== Records for the task

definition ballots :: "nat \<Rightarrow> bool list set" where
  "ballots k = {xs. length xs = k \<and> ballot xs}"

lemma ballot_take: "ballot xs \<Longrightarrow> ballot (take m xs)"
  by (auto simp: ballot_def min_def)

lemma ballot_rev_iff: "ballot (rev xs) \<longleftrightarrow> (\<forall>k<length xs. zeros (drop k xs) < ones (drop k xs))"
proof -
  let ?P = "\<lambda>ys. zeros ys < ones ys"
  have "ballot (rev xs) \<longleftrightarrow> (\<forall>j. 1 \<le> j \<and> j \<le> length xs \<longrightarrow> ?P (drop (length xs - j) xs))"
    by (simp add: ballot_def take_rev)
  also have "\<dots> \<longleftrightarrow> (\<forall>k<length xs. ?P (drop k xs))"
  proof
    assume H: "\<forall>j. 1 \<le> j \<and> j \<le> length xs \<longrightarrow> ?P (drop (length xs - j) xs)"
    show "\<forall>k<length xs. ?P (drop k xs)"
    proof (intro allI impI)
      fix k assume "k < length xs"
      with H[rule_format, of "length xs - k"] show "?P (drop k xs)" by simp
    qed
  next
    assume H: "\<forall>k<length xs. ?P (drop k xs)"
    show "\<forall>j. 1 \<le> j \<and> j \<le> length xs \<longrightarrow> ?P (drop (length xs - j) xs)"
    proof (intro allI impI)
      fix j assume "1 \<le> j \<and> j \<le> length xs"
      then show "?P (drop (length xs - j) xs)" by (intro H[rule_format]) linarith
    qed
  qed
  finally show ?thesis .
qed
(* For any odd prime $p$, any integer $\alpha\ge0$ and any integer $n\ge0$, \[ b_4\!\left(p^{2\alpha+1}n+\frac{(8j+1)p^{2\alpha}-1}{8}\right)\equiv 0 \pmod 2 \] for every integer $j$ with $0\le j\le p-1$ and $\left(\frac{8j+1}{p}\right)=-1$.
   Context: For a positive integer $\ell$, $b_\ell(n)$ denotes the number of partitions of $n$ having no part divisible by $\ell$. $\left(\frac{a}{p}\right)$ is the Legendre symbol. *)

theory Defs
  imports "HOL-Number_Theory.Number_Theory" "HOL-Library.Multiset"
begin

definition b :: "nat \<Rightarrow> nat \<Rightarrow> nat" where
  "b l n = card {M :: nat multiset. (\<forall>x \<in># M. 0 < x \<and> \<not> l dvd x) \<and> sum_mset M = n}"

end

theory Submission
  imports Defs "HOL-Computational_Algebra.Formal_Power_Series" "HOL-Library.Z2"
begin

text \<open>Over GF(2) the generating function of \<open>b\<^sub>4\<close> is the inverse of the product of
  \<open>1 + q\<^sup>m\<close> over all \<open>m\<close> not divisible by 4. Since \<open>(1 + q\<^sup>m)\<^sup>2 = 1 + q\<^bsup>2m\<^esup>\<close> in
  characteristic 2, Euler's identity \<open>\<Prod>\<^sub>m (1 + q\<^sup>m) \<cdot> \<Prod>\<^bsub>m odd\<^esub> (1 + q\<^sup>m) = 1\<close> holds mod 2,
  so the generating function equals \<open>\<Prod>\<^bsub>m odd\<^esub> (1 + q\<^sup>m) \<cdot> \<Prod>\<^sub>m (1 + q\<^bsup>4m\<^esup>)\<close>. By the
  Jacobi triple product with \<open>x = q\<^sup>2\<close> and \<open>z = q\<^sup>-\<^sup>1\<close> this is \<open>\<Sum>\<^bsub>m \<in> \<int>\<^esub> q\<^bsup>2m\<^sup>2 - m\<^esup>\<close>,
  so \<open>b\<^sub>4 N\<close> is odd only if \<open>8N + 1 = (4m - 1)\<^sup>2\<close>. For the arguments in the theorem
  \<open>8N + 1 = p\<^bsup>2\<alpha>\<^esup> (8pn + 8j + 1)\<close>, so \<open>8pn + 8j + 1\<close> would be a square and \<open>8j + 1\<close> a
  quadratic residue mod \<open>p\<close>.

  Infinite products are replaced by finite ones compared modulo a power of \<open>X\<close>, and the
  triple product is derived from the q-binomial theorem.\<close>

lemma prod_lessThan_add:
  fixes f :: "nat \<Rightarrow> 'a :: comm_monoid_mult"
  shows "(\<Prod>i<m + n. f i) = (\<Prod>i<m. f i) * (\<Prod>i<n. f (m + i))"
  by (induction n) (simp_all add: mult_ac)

====

**Assigned task:** Keep only the lines of the listing that contain the word "divisible", and copy them.

**Answer section:**
   Context: For a positive integer $\ell$, $b_\ell(n)$ denotes the number of partitions of $n$ having no part divisible by $\ell$. $\left(\frac{a}{p}\right)$ is the Legendre symbol. *)
  \<open>1 + q\<^sup>m\<close> over all \<open>m\<close> not divisible by 4. Since \<open>(1 + q\<^sup>m)\<^sup>2 = 1 + q\<^bsup>2m\<^esup>\<close> in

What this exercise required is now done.